▶ **Data under study**:

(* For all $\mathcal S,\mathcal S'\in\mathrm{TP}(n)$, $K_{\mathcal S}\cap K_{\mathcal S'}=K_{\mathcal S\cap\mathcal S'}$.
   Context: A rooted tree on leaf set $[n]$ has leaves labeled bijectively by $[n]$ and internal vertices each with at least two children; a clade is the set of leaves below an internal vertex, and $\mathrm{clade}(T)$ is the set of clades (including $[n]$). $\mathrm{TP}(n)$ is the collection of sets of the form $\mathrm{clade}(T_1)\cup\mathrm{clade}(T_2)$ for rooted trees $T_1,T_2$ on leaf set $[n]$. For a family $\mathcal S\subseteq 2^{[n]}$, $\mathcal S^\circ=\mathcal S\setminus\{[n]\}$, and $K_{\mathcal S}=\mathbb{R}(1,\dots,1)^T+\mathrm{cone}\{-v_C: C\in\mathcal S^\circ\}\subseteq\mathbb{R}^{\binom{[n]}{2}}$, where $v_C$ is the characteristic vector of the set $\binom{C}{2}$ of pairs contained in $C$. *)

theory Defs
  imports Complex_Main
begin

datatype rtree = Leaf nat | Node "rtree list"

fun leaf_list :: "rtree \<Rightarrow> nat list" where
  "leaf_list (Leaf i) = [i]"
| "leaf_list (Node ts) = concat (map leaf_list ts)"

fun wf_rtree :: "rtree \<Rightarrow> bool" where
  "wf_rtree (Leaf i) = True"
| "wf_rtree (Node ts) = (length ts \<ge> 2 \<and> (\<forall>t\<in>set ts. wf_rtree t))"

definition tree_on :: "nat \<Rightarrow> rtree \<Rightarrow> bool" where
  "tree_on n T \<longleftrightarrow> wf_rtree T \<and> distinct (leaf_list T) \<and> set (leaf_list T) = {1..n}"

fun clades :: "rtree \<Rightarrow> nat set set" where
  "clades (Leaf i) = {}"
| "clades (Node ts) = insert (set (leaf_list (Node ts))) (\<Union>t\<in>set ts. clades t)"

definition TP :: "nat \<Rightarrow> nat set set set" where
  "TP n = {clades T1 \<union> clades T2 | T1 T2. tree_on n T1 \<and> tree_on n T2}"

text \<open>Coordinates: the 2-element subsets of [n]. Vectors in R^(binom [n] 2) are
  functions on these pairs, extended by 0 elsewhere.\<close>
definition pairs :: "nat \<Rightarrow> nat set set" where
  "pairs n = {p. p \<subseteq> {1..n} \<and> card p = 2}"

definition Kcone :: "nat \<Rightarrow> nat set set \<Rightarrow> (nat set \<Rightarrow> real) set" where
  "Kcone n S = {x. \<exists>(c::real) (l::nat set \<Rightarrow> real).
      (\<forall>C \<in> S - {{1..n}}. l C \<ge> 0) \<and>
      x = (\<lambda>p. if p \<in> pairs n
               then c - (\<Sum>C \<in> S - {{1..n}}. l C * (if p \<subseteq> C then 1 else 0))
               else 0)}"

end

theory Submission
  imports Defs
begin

▶ **Problem to solve**: Could you print the material above once more, exactly as it stands?

▶ **Answer to this task**:
(* For all $\mathcal S,\mathcal S'\in\mathrm{TP}(n)$, $K_{\mathcal S}\cap K_{\mathcal S'}=K_{\mathcal S\cap\mathcal S'}$.
   Context: A rooted tree on leaf set $[n]$ has leaves labeled bijectively by $[n]$ and internal vertices each with at least two children; a clade is the set of leaves below an internal vertex, and $\mathrm{clade}(T)$ is the set of clades (including $[n]$). $\mathrm{TP}(n)$ is the collection of sets of the form $\mathrm{clade}(T_1)\cup\mathrm{clade}(T_2)$ for rooted trees $T_1,T_2$ on leaf set $[n]$. For a family $\mathcal S\subseteq 2^{[n]}$, $\mathcal S^\circ=\mathcal S\setminus\{[n]\}$, and $K_{\mathcal S}=\mathbb{R}(1,\dots,1)^T+\mathrm{cone}\{-v_C: C\in\mathcal S^\circ\}\subseteq\mathbb{R}^{\binom{[n]}{2}}$, where $v_C$ is the characteristic vector of the set $\binom{C}{2}$ of pairs contained in $C$. *)

theory Defs
  imports Complex_Main
begin

datatype rtree = Leaf nat | Node "rtree list"

fun leaf_list :: "rtree \<Rightarrow> nat list" where
  "leaf_list (Leaf i) = [i]"
| "leaf_list (Node ts) = concat (map leaf_list ts)"

fun wf_rtree :: "rtree \<Rightarrow> bool" where
  "wf_rtree (Leaf i) = True"
| "wf_rtree (Node ts) = (length ts \<ge> 2 \<and> (\<forall>t\<in>set ts. wf_rtree t))"

definition tree_on :: "nat \<Rightarrow> rtree \<Rightarrow> bool" where
  "tree_on n T \<longleftrightarrow> wf_rtree T \<and> distinct (leaf_list T) \<and> set (leaf_list T) = {1..n}"

fun clades :: "rtree \<Rightarrow> nat set set" where
  "clades (Leaf i) = {}"
| "clades (Node ts) = insert (set (leaf_list (Node ts))) (\<Union>t\<in>set ts. clades t)"

definition TP :: "nat \<Rightarrow> nat set set set" where
  "TP n = {clades T1 \<union> clades T2 | T1 T2. tree_on n T1 \<and> tree_on n T2}"

text \<open>Coordinates: the 2-element subsets of [n]. Vectors in R^(binom [n] 2) are
  functions on these pairs, extended by 0 elsewhere.\<close>
definition pairs :: "nat \<Rightarrow> nat set set" where
  "pairs n = {p. p \<subseteq> {1..n} \<and> card p = 2}"

definition Kcone :: "nat \<Rightarrow> nat set set \<Rightarrow> (nat set \<Rightarrow> real) set" where
  "Kcone n S = {x. \<exists>(c::real) (l::nat set \<Rightarrow> real).
      (\<forall>C \<in> S - {{1..n}}. l C \<ge> 0) \<and>
      x = (\<lambda>p. if p \<in> pairs n
               then c - (\<Sum>C \<in> S - {{1..n}}. l C * (if p \<subseteq> C then 1 else 0))
               else 0)}"

end

theory Submission
  imports Defs
begin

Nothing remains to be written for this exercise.